Embattled Washington Post publisher Will Lewis’s my-way-or-the-highway memo to staff on Wednesday threatens to destroy what’s left of the newsroom’s talent pool – and reputation.
The memo urges “those who do not feel aligned with the company’s plan” to take an immediate buyout and leave. Those who remain, Lewis write, must “be united as a team with a strong belief and passion in where we are heading.”
It’s probably one of the worst memos ever written by a publisher, for countless reasons – starting with the fact that Lewis notably does not have a plan and nobody knows where he’s heading.
The man has been a cipher, hiding from the newsroom, and the memo is characteristically full of buzzwords that signify nothing.
He writes of having made the Post “more appealing to, and trusted by, today’s audiences” – a ridiculous and unsubstantiated boast.
He writes of “launching new, engaging product improvements such as From the Source.” “From the Source” is a tiny pilot project that allows certain sources in news stories to add comments as annotations. It’s hardly a showpiece.
And he writes of “embracing AI rapidly across all of our workflows,” whatever the heck that means, and it can’t be good.
So in the absence of anything remotely like a recognizable journalistic strategy, what Lewis is basically asking for is a pledge of loyalty to him personally — a promise not to complain, no matter what he does next.
And that’s particularly inappropriate given the fact that he is, on a personal level, a morally bankrupt figure — having been hip-deep in the 2011 cover-up of Rupert Murdoch’s massive phone-hacking scandal. (Lewis, a Brit, cut his teeth working for the right-wing publishing magnate.)
After being hired as Post publisher in 2023 — to almost everyone’s astonishment – Lewis tried to cover up his role in the cover-up, pressuring former top editor Sally Buzbee not to run a story about his involvement then forcing her out after she defied him. Then he tried to bribe NPR reporter David Folkenflik into dropping his story about the allegation.
To say that Lewis has failed to win over the newsroom is an understatement. Back in March, two of the newspaper’s most respected alumni felt obliged to intervene on behalf of the staff, begging Post owner Jeff Bezos to fire Lewis. There was no response.
Another enormous problem with the memo is that trying to purge a newsroom of complainers is a great way to get rid of your best reporters and editors. Many – though not all – great journalists are notoriously cynical. They question everything. And they don’t check their brains at the door when it comes to their own institution.
Getting rid of people who question newsroom policy is a great way to both lose talented journalists and, in the absence of internal pushback, make really bad decisions.
And perhaps worst of all, those who stay will now be forever tarnished as enablers and sycophants.
Oh, wait, one more thing: The memo is smarmy as hell, full of insincerity like “If you choose to move away from The Post, thank you for all your contributions, and I truly wish you the best of luck.” It’s an insult to anyone receiving it.

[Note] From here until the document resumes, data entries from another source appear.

lemma window_pred:
  assumes sa: "admissible sa" and sb: "admissible sb"
    and b: "b < n" "sa b = t0" "t0 < sb b"
    and y: "y \<in> window sa a t0 (Suc t)"
  shows "\<exists>x \<in> window sa a t0 t \<union> window sb b t0 t. follows x y"
proof (cases "t0 < sa y")
  case True
  from y have "y < n" "sa y \<le> sa a" "sa y mod K = Suc (t0 + t) mod K"
    by (simp_all add: window_def)
  have "sa y - 1 < n" using admissible_less [OF sa \<open>y < n\<close>] by linarith
  then obtain x where "x < n" "sa x = sa y - 1" by (rule admissible_at [OF sa])
  with True have "sa y = Suc (sa x)" by simp
  with \<open>sa y mod K = _\<close> have "sa x mod K = (t0 + t) mod K" by (auto simp: Suc_mod_eq_Suc_mod_iff)
  with \<open>x < n\<close> \<open>sa y = Suc (sa x)\<close> \<open>sa y \<le> sa a\<close> True
  have "x \<in> window sa a t0 t" by (simp add: window_def)
  moreover have "follows x y" by (rule admissible_follows) fact+
  ultimately show ?thesis by blast
next
  case False
  with y b have "y = b"
    using admissible_inj [OF sa] by (auto simp: window_def)
  have "sb b - 1 < n" using admissible_less [OF sb b(1)] by linarith
  then obtain x where "x < n" "sb x = sb b - 1" by (rule admissible_at [OF sb])
  with b have "sb b = Suc (sb x)" by simp
  moreover have "sb b mod K = sa b mod K"
    using admissible_cls [OF sa b(1)] admissible_cls [OF sb b(1)] by simp
  ultimately have "sb x mod K = (t0 + t) mod K"
    using y \<open>y = b\<close> by (auto simp: window_def Suc_mod_eq_Suc_mod_iff)
  with \<open>x < n\<close> \<open>sb b = Suc (sb x)\<close> b have "x \<in> window sb b t0 t" by (simp add: window_def)
  moreover have "follows x b" by (rule admissible_follows) fact+
  ultimately show ?thesis using \<open>y = b\<close> by blast
qed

All in all, it’s a recipe for disaster. And it comes after several other disasters that have led to numerous resignations and mass subscriber loss.
In October, hundreds of thousands of readers canceled their subscriptions after news broke that Bezos had ordered the editorial board not to endorse Kamala Harris for president, as they intended to do.
Then in February, Bezos announced a directive that the Post’s editorial pages would henceforth promote “personal liberties and free markets” and would refuse to publish pieces opposing those principles. Several top editorial-page editors and columnists fled soon after.
And over the last year, other publications – notably including the Atlantic, the New York Times, the Wall Street Journal, and CNN – have picked off much of the newsroom’s marquee talent.
The New Yorker in May reasonably asked the question: “Is Jeff Bezos Selling Out the Washington Post?”
What’s left in the Washington Post is not nothing. Some reporters continue to do excellent work, despite the circumstances.
But I fear this memo will drive even more of the best people away, while demoralizing those who remain even further.
Simply put, the Washington Post, as I’ve written before, has no future as an independent news organization as long as Jeff Bezos owns it – and as long as Lewis remains publisher.
This new memo suggests that Lewis is confident in his position, and that’s maybe the worst part of it all.